A. U-2 OS RNA expression data (TPM) and B. proteomics data (Copies per cell) from Beck et al., 2011 for the nucleoli rim proteins compared to all other nucleolar proteins. In the proteomics dataset, 96 of 157 (61%) nucleoli rim proteins and 613 of 1,161 (53%) non-rim nucleolar proteins were detected.
The upper box plots show the distribution of quartile one to four, while the lower box plots show the distribution of all genes/proteins in the dataset.
85 of 150 nucleolar proteins did not localize to mitotic chromosomes. Here exemplified by RPS19BP1 (HPA042874). Protein is shown in green, DAPI and blue and microtubules in red. Scale bar 10 µm.
IF stainings of A. BMS1 (HPA036589), B. NOC2L (HPA062195) and C. BYSL (HPA031217) in mitosis using antibodies targeting different epitopes of the protein, showing the same localization on mitotic chromosomes as the original antibody. Protein of interest is shown in green and DAPI in blue. Scale bar 10 µm.
A. siRNA antibody validation data for DNTTIP2 (HPA044502). siRNA treated cells to the left, control cells to the right. Scale bar 20 μm.
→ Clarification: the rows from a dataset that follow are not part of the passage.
lemma pgd_small_gradient_mapping:
  fixes F :: "(nat \<Rightarrow> real) \<Rightarrow> real"
  assumes "\<eta> > 0" "\<epsilon> > 0" "x0 \<in> cube n"
    and bounded: "\<And>x. x \<in> cube n \<Longrightarrow> \<bar>F x\<bar> \<le> M"
    and quadratic_bound: "\<And>x y. x \<in> cube n \<Longrightarrow> y \<in> cube n \<Longrightarrow>
      F y \<le> F x + (\<Sum>k<n. grad n F x k * (y k - x k)) + 1 / (2 * \<eta>) * (\<Sum>k<n. (y k - x k)\<^sup>2)"
  shows "\<exists>t. real t \<le> 4 * M / (\<eta> * \<epsilon>\<^sup>2) \<and> vnorm n (gmap n \<eta> F (pgd n \<eta> F x0 t)) < \<epsilon>"
proof -
  have "\<exists>t. real t \<le> 2 * M / (\<eta> / 2 * \<epsilon>\<^sup>2) \<and> vnorm n (gmap n \<eta> F (pgd n \<eta> F x0 t)) < \<epsilon>"
  proof (rule sufficient_decrease_small_step[where a = "\<lambda>t. F (pgd n \<eta> F x0 t)"])
    show "\<bar>F (pgd n \<eta> F x0 t)\<bar> \<le> M" for t
      by (rule bounded) (rule pgd_in_cube[OF \<open>x0 \<in> cube n\<close>])
    show "F (pgd n \<eta> F x0 (Suc t))
        \<le> F (pgd n \<eta> F x0 t) - \<eta> / 2 * (vnorm n (gmap n \<eta> F (pgd n \<eta> F x0 t)))\<^sup>2" for t
      unfolding pgd_Suc
      by (rule pgd_step_decrease) (use assms pgd_in_cube in auto)
  qed (use assms in auto)
  then show ?thesis
    by (simp add: field_simps)
qed

definition vertex :: "nat set \<Rightarrow> nat \<Rightarrow> real" where
  "vertex B i = (if i \<in> B then -1 else 1)"

definition lagrange_basis :: "nat set \<Rightarrow> nat set \<Rightarrow> (nat \<Rightarrow> real) \<Rightarrow> real" where
  "lagrange_basis B J x = (\<Prod>i\<in>J. (1 + vertex B i * x i) / 2)"

(*
  multilin V c V is the multilinear interpolation of the values c B at the vertices vertex B,
  B \<subseteq> V. For J \<subset> V only the coordinates in J are free; partial derivatives have this shape.
*)

definition multilin :: "nat set \<Rightarrow> (nat set \<Rightarrow> real) \<Rightarrow> nat set \<Rightarrow> (nat \<Rightarrow> real) \<Rightarrow> real" where
  "multilin V c J x = (\<Sum>B\<in>Pow V. c B * lagrange_basis B J x)"

definition partial_coef :: "(nat set \<Rightarrow> real) \<Rightarrow> nat \<Rightarrow> nat set \<Rightarrow> real" where
  "partial_coef c k B = c B * vertex B k / 2"

lemma lagrange_basis_update:
  assumes "finite J" "k \<in> J"
  shows "lagrange_basis B J (x(k := s)) = (1 + vertex B k * s) / 2 * lagrange_basis B (J - {k}) x"
proof -
  have "lagrange_basis B (J - {k}) (x(k := s)) = lagrange_basis B (J - {k}) x"
    unfolding lagrange_basis_def by (rule prod.cong) auto
  with assms show ?thesis
    unfolding lagrange_basis_def by (simp add: prod.remove)
qed

lemma multilin_update:
  assumes "finite J" "k \<in> J"
  shows "multilin V c J (x(k := s)) =
    multilin V (\<lambda>B. c B / 2) (J - {k}) x + s * multilin V (partial_coef c k) (J - {k}) x"
  unfolding multilin_def partial_coef_def using assms
  by (simp add: lagrange_basis_update sum_distrib_left sum.distrib[symmetric] algebra_simps
      add_divide_distrib)

lemma multilin_cong: "(\<And>i. i \<in> J \<Longrightarrow> x i = x' i) \<Longrightarrow> multilin V c J x = multilin V c J x'"
  unfolding multilin_def lagrange_basis_def by (intro sum.cong refl arg_cong2[where f="(*)"] prod.cong) auto

lemma lagrange_basis_nonneg: "(\<And>i. i \<in> J \<Longrightarrow> \<bar>x i\<bar> \<le> 1) \<Longrightarrow> lagrange_basis B J x \<ge> 0"
  unfolding lagrange_basis_def vertex_def by (rule prod_nonneg) (fastforce simp: abs_le_iff)

lemma sum_lagrange_basis:
  assumes "finite V" "J \<subseteq> V"
  shows "(\<Sum>B\<in>Pow V. lagrange_basis B J x) = 2 ^ card (V - J)"
  using assms
proof (induction V arbitrary: J rule: finite_induct)
  case empty
  then show ?case
    by (simp add: lagrange_basis_def)
next
  case (insert a V)
  have insert_a: "lagrange_basis (insert a B) (J - {a}) x = lagrange_basis B (J - {a}) x" for B
    unfolding lagrange_basis_def vertex_def by (rule prod.cong) auto
  have "(\<Sum>B\<in>Pow (insert a V). lagrange_basis B J x) =
      (\<Sum>B\<in>Pow V. lagrange_basis B J x + lagrange_basis (insert a B) J x)"
  proof -
    have "inj_on (insert a) (Pow V)"
      using insert.hyps by (meson PowD inj_on_def insert_ident subset_iff)
    with insert.hyps show ?thesis
      unfolding Pow_insert
      by (subst sum.union_disjoint) (auto simp: sum.reindex sum.distrib)
  qed
  also have "\<dots> = (\<Sum>B\<in>Pow V. (if a \<in> J then 1 else 2) * lagrange_basis B (J - {a}) x)"
  proof (rule sum.cong[OF refl])
    fix B
    assume "B \<in> Pow V"
    with insert.hyps have "a \<notin> B"
      by auto
    have "finite J"
      using finite_subset[OF insert.prems] insert.hyps by simp
    then have "lagrange_basis B' J x = (1 + vertex B' a * x a) / 2 * lagrange_basis B' (J - {a}) x"
      if "a \<in> J" for B'
      using lagrange_basis_update[of J a B' x "x a"] that by simp
    from this[of B] this[of "insert a B"] insert_a[of B] \<open>a \<notin> B\<close>
    show "lagrange_basis B J x + lagrange_basis (insert a B) J x =
        (if a \<in> J then 1 else 2) * lagrange_basis B (J - {a}) x"
      by (cases "a \<in> J") (auto simp: vertex_def field_simps)
  qed
  also have "\<dots> = (if a \<in> J then 1 else 2) * 2 ^ card (V - (J - {a}))"
  proof -
    have "J - {a} \<subseteq> V"
      using insert.prems by auto
    from insert.IH[OF this] show ?thesis
      by (simp flip: sum_distrib_left)
  qed
  also have "\<dots> = 2 ^ card (insert a V - J)"
  proof (cases "a \<in> J")
    case True
    with insert.hyps have "V - (J - {a}) = insert a V - J"
      by auto
    with True show ?thesis
      by simp
  next
    case False
    with insert.hyps have "insert a V - J = insert a (V - J)" "a \<notin> V - J"
      by auto
    with False insert.hyps show ?thesis
      by simp
  qed
  finally show ?case .
qed

lemma multilin_abs_le:
  assumes "finite V" "J \<subseteq> V" "\<And>i. i \<in> J \<Longrightarrow> \<bar>x i\<bar> \<le> 1" "\<And>B. \<bar>c B\<bar> \<le> K"
  shows "\<bar>multilin V c J x\<bar> \<le> K * 2 ^ card (V - J)"
proof -
  have "\<bar>multilin V c J x\<bar> \<le> (\<Sum>B\<in>Pow V. \<bar>c B * lagrange_basis B J x\<bar>)"
    unfolding multilin_def by (rule sum_abs)
  also have "\<dots> = (\<Sum>B\<in>Pow V. \<bar>c B\<bar> * lagrange_basis B J x)"
    using lagrange_basis_nonneg[OF assms(3)] by (simp add: abs_mult)
  also have "\<dots> \<le> (\<Sum>B\<in>Pow V. K * lagrange_basis B J x)"
    by (intro sum_mono mult_right_mono assms(4) lagrange_basis_nonneg assms(3))
  also have "\<dots> = K * 2 ^ card (V - J)"
    by (simp add: sum_lagrange_basis[OF assms(1,2)] flip: sum_distrib_left)
  finally show ?thesis .
qed

lemma grad_multilin:
  assumes "k < n"
  shows "grad n (multilin {..<n} c {..<n}) x k = multilin {..<n} (partial_coef c k) ({..<n} - {k}) x"
proof -
  define a where "a = multilin {..<n} (\<lambda>B. c B / 2) ({..<n} - {k}) x"
  define b where "b = multilin {..<n} (partial_coef c k) ({..<n} - {k}) x"
  have "(\<lambda>s. multilin {..<n} c {..<n} (x(k := s))) = (\<lambda>s. a + s * b)"
    using multilin_update[of "{..<n}" k] assms unfolding a_def b_def by auto
  moreover have "deriv (\<lambda>s. a + s * b) (x k) = b"
    by (rule DERIV_imp_deriv) (auto intro!: derivative_eq_intros)
  ultimately show ?thesis
    unfolding grad_def b_def using assms by simp
qed

definition hybrid :: "(nat \<Rightarrow> real) \<Rightarrow> (nat \<Rightarrow> real) \<Rightarrow> nat \<Rightarrow> nat \<Rightarrow> real" where
  "hybrid x y k = (\<lambda>i. if i < k then y i else x i)"

lemma multilin_hybrid_step:
  assumes "finite J" "k \<in> J"
  shows "multilin V c J (hybrid x y (Suc k)) - multilin V c J (hybrid x y k) =
    (y k - x k) * multilin V (partial_coef c k) (J - {k}) (hybrid x y k)"
proof -
  have hybrid_upd: "(hybrid x y k)(k := y k) = hybrid x y (Suc k)" "(hybrid x y k)(k := x k) = hybrid x y k"
    by (auto simp: hybrid_def fun_eq_iff)
  from multilin_update[OF assms, of V c "hybrid x y k" "y k"]
    multilin_update[OF assms, of V c "hybrid x y k" "x k"]
  show ?thesis
    unfolding hybrid_upd by (simp add: algebra_simps)
qed

lemma multilin_hybrid_telescope:
  assumes "finite J" "{..<k} \<subseteq> J"
  shows "multilin V c J (hybrid x y k) - multilin V c J x =
    (\<Sum>j<k. (y j - x j) * multilin V (partial_coef c j) (J - {j}) (hybrid x y j))"
proof -
  have "hybrid x y 0 = x"
    by (simp add: hybrid_def)
  then have "multilin V c J (hybrid x y k) - multilin V c J x =
      (\<Sum>j<k. multilin V c J (hybrid x y (Suc j)) - multilin V c J (hybrid x y j))"
    using sum_lessThan_telescope[of "\<lambda>j. multilin V c J (hybrid x y j)" k] by simp
  also have "\<dots> = (\<Sum>j<k. (y j - x j) * multilin V (partial_coef c j) (J - {j}) (hybrid x y j))"
    using assms by (intro sum.cong refl multilin_hybrid_step) auto
  finally show ?thesis .
qed

lemma sum_pairs_squares:
  fixes d :: "nat \<Rightarrow> real"
  shows "(\<Sum>k<n. \<Sum>j<k. (d k)\<^sup>2 + (d j)\<^sup>2) = (real n - 1) * (\<Sum>k<n. (d k)\<^sup>2)"
proof (induction n)
  case (Suc n)
  have "(\<Sum>j<n. (d n)\<^sup>2 + (d j)\<^sup>2) = real n * (d n)\<^sup>2 + (\<Sum>j<n. (d j)\<^sup>2)"
    by (simp add: sum.distrib)
  with Suc show ?case
    by (simp add: algebra_simps)
qed simp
IF stainings of B. DNTTIP2 (HPA044502) and C. CCDC137 (HPA053914) in mitotic cells showing localization to mitotic chromosomes. Protein of interest is shown in green and DAPI in blue. Scale bar 10 μm.
IF stainings of the proteins showing late recruitment to mitotic chromosomes. Protein of interest is shown in green, microtubules in red and DAPI in blue. Images of interphase cells were acquired from a different experiment and staining intensities cannot be compared between interphase and mitotic cells. For antibodies used, see Dataset EV3. Scale bar 10 μm.
IF stainings of the mitotic chromosome proteins in WT HeLa and MKI67 KO HeLa cells. Protein is shown in green and DAPI in blue. For antibodies used, see Dataset EV3. Scale bar 10 µm.
Box plots show measured overlap and Pearson correlation between the DAPI and protein staining (replicate 1 in grey and replicate 2 in green). A two-sided unpaired Wilcoxon test was applied to calculate the statistical significance between the phenotypes and the output p-value is stated in each plot.
Acknowledgements
We acknowledge the entire staff of the Human Protein Atlas program. We also thank staff at the Chan-Zuckerberg Biohub and the Allen Institute for Cell Science for fruitful discussions on the nucleolus. Funding was provided by the Knut and Alice Wallenberg Foundation (2016.0204) and Swedish Research Council (2017-05327) to E.L.
Footnotes
Manuscript now including quantification of mitotic chromosome staining patterns, replicate experiments, automated classification of image patterns, and analysis of protein abundance using MS proteomics datasets.